[TASK DESCRIPTION] How do the lines below between the ones holding "text \<open>Step sequences" and "t \<and> set", inclusive, read? Give them again exactly, with no other lines.

[SUPPLIED RECORDS]

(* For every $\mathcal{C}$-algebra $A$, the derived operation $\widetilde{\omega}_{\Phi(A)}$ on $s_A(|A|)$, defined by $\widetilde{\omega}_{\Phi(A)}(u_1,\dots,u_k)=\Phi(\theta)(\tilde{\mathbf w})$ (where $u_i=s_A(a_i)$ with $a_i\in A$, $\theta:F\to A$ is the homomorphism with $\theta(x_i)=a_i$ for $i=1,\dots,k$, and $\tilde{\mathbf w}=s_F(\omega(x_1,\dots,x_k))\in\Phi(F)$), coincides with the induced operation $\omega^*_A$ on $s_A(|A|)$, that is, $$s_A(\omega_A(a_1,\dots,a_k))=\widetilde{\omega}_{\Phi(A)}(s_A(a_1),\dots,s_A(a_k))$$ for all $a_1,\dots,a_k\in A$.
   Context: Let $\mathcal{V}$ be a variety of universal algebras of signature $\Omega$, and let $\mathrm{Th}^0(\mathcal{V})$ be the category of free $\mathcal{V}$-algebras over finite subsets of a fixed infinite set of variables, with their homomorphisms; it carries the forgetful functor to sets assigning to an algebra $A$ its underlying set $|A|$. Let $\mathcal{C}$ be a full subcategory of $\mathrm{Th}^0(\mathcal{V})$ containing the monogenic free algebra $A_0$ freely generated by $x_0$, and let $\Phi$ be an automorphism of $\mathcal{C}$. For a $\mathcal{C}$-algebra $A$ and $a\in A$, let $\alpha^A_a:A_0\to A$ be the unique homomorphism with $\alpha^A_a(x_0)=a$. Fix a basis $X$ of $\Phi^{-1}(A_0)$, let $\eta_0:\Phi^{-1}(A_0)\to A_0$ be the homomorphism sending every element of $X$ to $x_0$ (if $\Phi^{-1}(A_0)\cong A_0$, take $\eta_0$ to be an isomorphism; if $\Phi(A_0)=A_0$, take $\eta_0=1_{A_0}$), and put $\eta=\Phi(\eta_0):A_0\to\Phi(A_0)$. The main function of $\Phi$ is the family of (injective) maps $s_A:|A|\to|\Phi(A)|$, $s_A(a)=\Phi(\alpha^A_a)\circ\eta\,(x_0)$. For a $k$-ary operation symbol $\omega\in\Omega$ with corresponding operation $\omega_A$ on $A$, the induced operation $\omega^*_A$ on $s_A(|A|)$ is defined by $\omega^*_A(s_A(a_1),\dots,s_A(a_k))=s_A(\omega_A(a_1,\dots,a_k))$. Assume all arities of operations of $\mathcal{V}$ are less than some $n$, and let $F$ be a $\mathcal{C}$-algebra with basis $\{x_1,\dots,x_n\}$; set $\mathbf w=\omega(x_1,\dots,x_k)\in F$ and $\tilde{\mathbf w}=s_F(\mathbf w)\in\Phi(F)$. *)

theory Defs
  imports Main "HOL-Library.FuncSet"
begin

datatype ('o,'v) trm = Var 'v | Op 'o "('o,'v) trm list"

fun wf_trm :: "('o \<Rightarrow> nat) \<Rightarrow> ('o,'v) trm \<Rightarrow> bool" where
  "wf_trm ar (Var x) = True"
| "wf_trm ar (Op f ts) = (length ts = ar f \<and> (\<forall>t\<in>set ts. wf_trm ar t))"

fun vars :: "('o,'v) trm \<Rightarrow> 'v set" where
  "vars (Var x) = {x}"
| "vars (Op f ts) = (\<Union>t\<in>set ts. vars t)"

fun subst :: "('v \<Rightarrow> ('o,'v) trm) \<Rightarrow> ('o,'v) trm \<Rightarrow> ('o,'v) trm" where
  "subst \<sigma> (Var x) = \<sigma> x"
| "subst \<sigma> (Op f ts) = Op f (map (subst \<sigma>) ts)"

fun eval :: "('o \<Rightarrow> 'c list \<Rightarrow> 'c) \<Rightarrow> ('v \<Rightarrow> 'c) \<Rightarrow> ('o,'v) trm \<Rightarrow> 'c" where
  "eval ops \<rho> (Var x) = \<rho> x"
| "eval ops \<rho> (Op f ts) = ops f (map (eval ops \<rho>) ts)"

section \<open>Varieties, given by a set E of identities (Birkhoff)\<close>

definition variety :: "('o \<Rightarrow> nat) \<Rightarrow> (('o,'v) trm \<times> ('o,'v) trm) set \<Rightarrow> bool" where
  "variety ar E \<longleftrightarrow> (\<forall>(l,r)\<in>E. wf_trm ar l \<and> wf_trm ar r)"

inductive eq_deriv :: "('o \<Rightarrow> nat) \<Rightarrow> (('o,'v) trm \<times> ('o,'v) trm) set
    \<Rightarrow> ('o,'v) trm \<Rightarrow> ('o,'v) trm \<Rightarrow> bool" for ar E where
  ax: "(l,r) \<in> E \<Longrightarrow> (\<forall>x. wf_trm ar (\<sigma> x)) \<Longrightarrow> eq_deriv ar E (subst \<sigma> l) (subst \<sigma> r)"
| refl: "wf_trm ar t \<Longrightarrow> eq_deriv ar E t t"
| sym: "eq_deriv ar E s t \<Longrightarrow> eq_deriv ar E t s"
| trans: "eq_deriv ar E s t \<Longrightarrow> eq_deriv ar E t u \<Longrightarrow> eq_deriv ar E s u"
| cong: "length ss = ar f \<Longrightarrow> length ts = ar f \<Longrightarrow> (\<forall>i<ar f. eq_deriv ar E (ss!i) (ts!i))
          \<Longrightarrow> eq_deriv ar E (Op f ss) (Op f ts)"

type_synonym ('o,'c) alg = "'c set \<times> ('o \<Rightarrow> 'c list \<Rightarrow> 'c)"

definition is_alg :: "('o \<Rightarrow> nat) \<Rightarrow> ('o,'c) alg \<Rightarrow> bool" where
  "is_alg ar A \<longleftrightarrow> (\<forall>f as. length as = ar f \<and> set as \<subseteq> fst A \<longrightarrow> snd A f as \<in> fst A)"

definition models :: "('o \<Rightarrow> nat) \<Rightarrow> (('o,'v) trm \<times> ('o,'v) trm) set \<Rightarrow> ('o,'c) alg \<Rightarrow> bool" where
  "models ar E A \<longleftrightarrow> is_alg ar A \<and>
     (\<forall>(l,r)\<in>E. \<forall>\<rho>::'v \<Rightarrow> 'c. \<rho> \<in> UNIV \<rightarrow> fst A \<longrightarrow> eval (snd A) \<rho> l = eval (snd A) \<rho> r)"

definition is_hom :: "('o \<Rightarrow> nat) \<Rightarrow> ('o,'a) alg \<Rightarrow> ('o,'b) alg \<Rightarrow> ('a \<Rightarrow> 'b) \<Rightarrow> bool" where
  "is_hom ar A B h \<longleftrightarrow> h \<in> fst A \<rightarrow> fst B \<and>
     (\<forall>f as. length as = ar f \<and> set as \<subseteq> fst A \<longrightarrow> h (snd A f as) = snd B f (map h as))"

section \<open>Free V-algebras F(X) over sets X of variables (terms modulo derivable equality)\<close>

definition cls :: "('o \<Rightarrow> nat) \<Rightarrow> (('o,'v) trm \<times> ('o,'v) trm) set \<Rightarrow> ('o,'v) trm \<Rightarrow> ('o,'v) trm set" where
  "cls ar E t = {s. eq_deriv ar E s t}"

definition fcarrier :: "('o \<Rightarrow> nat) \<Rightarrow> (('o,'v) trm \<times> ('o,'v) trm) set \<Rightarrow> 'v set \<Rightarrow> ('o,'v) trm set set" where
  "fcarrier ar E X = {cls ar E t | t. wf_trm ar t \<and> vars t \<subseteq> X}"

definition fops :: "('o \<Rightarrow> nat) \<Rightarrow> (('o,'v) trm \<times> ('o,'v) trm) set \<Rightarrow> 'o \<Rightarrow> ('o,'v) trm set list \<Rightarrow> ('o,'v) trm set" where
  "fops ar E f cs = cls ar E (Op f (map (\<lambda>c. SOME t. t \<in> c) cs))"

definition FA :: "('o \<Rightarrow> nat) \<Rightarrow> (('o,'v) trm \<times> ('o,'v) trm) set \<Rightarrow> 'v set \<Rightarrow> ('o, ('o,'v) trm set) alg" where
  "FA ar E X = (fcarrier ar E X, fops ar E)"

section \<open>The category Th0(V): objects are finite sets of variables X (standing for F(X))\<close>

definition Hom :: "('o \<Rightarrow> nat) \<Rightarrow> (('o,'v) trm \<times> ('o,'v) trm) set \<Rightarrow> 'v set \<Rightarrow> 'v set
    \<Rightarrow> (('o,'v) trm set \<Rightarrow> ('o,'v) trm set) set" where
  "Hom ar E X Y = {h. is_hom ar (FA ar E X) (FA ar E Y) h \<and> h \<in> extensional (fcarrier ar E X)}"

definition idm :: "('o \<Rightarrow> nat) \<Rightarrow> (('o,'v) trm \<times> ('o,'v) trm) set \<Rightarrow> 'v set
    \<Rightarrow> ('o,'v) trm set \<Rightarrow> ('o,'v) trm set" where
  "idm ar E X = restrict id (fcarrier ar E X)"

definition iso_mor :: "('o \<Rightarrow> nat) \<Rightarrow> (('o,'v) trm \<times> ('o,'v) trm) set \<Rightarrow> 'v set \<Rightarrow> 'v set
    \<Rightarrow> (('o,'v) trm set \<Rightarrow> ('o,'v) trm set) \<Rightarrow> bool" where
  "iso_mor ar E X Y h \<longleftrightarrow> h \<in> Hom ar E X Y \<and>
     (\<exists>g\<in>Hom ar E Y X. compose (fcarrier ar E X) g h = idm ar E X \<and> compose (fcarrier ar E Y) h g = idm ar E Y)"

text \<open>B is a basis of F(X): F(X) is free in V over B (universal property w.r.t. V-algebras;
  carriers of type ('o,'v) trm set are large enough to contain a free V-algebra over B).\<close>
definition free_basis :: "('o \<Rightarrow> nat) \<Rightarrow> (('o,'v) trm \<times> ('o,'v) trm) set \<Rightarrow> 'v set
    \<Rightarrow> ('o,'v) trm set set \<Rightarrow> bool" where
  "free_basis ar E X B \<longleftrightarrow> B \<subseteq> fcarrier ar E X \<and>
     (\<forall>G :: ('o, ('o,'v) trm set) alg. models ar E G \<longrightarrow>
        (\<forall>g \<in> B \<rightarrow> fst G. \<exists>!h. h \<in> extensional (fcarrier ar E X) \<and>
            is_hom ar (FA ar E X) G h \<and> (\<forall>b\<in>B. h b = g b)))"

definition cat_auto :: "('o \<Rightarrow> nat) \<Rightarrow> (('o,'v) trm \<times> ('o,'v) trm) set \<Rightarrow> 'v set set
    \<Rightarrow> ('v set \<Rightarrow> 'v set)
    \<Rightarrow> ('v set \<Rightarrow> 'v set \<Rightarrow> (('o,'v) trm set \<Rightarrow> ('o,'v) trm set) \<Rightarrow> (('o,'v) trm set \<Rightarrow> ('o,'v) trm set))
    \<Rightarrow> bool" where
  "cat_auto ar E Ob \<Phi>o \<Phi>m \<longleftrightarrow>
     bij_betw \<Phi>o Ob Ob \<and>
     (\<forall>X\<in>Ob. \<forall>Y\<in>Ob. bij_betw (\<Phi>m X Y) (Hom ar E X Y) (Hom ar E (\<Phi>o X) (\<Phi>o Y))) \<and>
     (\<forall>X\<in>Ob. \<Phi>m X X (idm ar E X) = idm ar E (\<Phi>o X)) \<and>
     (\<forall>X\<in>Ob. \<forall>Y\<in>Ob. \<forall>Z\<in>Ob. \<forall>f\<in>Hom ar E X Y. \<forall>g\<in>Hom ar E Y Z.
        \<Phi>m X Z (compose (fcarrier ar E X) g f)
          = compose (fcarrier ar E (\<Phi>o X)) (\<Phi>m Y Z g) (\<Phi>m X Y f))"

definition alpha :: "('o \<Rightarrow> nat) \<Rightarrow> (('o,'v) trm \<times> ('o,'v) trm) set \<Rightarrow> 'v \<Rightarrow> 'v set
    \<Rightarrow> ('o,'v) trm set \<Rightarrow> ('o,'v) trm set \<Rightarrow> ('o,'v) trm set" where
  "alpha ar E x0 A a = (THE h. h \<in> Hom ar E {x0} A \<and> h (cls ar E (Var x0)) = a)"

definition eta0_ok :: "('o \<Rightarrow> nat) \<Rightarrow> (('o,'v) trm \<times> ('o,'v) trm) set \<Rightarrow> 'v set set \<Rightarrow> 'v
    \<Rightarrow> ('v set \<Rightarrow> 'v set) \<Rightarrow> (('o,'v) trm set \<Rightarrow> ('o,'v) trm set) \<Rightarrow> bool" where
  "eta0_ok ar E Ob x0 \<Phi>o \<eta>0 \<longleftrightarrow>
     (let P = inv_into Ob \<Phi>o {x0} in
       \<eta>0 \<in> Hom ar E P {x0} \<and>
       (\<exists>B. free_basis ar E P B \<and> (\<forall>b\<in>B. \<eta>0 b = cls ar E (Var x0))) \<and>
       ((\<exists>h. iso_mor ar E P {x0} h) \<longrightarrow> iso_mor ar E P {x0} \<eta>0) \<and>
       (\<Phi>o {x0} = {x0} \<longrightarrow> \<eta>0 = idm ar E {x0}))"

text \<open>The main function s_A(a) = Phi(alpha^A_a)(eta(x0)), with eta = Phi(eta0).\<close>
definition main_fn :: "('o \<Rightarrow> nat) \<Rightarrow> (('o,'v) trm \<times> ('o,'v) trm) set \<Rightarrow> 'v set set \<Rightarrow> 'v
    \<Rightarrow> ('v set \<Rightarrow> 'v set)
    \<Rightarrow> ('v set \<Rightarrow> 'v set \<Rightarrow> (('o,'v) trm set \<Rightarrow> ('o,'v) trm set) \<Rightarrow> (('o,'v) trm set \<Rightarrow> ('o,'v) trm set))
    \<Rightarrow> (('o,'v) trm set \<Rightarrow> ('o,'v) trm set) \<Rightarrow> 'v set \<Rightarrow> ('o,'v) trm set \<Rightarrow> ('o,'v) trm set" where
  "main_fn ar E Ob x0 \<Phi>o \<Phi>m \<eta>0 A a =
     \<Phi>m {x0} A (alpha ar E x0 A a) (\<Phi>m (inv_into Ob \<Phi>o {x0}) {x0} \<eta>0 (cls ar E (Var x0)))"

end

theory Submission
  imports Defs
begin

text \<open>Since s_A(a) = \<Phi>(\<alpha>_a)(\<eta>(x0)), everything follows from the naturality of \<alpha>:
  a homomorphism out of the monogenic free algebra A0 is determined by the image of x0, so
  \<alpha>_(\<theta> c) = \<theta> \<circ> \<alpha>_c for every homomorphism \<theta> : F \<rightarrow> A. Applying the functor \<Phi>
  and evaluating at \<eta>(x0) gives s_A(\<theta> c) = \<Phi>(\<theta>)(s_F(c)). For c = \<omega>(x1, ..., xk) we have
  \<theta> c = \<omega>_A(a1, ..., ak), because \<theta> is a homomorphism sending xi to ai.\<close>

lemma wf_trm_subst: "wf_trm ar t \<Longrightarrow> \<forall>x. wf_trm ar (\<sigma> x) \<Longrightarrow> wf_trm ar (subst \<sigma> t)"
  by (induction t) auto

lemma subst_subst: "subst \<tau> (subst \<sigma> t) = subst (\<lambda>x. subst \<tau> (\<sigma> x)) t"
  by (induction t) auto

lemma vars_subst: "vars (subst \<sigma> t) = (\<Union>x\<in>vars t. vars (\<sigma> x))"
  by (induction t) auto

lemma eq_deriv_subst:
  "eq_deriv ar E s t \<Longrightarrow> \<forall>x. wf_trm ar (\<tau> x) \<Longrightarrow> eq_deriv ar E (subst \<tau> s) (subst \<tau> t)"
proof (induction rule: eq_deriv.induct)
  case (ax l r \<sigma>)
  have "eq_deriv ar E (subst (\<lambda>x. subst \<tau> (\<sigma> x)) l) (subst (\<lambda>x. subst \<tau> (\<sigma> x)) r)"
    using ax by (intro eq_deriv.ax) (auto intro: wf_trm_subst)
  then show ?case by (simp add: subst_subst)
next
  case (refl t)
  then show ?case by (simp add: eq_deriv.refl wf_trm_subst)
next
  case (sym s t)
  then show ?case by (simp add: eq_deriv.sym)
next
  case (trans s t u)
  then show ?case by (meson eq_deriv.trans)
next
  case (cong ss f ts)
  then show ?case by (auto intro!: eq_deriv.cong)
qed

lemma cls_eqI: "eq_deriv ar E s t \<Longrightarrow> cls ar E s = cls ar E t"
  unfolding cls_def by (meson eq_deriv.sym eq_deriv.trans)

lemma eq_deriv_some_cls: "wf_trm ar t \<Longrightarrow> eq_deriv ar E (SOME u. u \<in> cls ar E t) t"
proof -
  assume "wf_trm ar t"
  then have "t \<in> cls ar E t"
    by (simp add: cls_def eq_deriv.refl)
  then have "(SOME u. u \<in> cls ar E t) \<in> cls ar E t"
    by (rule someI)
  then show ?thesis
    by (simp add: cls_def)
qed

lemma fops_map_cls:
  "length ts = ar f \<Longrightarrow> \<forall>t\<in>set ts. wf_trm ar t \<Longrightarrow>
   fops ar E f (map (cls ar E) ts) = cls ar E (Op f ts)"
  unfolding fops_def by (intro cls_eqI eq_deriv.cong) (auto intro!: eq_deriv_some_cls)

==

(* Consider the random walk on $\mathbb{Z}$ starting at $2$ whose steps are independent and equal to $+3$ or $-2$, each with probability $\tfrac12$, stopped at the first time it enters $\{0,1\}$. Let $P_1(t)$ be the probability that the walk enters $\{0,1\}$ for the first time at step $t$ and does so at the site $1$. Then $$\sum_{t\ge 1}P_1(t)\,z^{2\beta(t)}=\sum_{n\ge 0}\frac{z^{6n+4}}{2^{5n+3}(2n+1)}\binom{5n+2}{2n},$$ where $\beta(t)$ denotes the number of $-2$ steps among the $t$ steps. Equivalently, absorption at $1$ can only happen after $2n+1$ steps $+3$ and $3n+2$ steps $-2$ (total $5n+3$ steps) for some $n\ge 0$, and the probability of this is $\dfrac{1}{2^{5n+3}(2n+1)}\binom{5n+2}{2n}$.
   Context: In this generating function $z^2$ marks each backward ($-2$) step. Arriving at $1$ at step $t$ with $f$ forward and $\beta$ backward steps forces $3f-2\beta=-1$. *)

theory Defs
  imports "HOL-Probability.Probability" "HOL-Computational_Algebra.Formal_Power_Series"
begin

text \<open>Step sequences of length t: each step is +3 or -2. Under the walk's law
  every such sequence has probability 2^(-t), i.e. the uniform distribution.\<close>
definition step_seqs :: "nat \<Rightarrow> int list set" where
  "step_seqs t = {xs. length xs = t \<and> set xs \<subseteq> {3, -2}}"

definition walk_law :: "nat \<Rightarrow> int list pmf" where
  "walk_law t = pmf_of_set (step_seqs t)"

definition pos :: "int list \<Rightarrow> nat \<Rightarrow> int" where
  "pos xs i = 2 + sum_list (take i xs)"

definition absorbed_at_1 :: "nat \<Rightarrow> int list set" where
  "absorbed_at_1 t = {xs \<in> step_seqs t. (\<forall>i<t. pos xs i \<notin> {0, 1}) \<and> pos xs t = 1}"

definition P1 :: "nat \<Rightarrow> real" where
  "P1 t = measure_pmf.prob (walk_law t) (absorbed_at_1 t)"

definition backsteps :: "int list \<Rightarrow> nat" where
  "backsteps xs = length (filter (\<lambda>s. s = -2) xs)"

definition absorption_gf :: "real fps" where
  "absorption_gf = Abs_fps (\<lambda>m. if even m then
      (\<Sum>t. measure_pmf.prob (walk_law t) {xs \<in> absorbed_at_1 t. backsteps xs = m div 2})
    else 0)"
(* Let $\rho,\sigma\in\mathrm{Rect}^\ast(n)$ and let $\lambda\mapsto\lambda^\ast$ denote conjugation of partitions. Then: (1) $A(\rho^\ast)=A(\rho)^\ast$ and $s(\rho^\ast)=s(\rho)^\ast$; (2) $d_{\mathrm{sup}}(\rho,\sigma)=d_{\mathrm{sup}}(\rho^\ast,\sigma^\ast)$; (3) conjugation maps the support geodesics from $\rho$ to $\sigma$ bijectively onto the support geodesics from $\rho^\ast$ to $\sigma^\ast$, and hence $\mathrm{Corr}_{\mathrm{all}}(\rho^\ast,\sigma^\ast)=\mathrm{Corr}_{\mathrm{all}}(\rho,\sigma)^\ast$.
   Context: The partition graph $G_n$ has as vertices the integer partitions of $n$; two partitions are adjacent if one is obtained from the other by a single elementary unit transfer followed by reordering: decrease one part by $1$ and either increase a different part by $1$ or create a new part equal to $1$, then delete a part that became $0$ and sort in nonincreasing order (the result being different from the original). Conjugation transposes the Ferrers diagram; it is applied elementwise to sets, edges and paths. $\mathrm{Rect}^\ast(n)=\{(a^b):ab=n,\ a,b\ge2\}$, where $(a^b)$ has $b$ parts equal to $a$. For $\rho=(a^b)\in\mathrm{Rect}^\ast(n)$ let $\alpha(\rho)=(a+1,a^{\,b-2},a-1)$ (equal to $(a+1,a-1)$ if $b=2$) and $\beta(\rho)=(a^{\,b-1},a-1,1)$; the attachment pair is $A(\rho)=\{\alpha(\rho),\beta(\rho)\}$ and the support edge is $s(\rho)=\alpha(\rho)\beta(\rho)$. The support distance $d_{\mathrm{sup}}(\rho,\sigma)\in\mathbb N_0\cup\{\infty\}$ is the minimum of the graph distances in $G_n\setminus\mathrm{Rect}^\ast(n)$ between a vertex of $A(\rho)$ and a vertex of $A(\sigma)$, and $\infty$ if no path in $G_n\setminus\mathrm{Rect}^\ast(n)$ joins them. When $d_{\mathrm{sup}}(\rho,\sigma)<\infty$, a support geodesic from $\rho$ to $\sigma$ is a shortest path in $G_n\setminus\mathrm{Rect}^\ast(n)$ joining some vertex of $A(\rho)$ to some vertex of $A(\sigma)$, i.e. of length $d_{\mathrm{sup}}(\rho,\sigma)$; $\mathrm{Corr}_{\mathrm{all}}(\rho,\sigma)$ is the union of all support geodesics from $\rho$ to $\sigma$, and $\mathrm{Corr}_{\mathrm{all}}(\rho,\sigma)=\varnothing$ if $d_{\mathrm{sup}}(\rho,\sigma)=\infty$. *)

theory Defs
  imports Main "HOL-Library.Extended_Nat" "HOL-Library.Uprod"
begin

[EXERCISE RESULT]
text \<open>Step sequences of length t: each step is +3 or -2. Under the walk's law
  every such sequence has probability 2^(-t), i.e. the uniform distribution.\<close>
definition step_seqs :: "nat \<Rightarrow> int list set" where
  "step_seqs t = {xs. length xs = t \<and> set xs \<subseteq> {3, -2}}"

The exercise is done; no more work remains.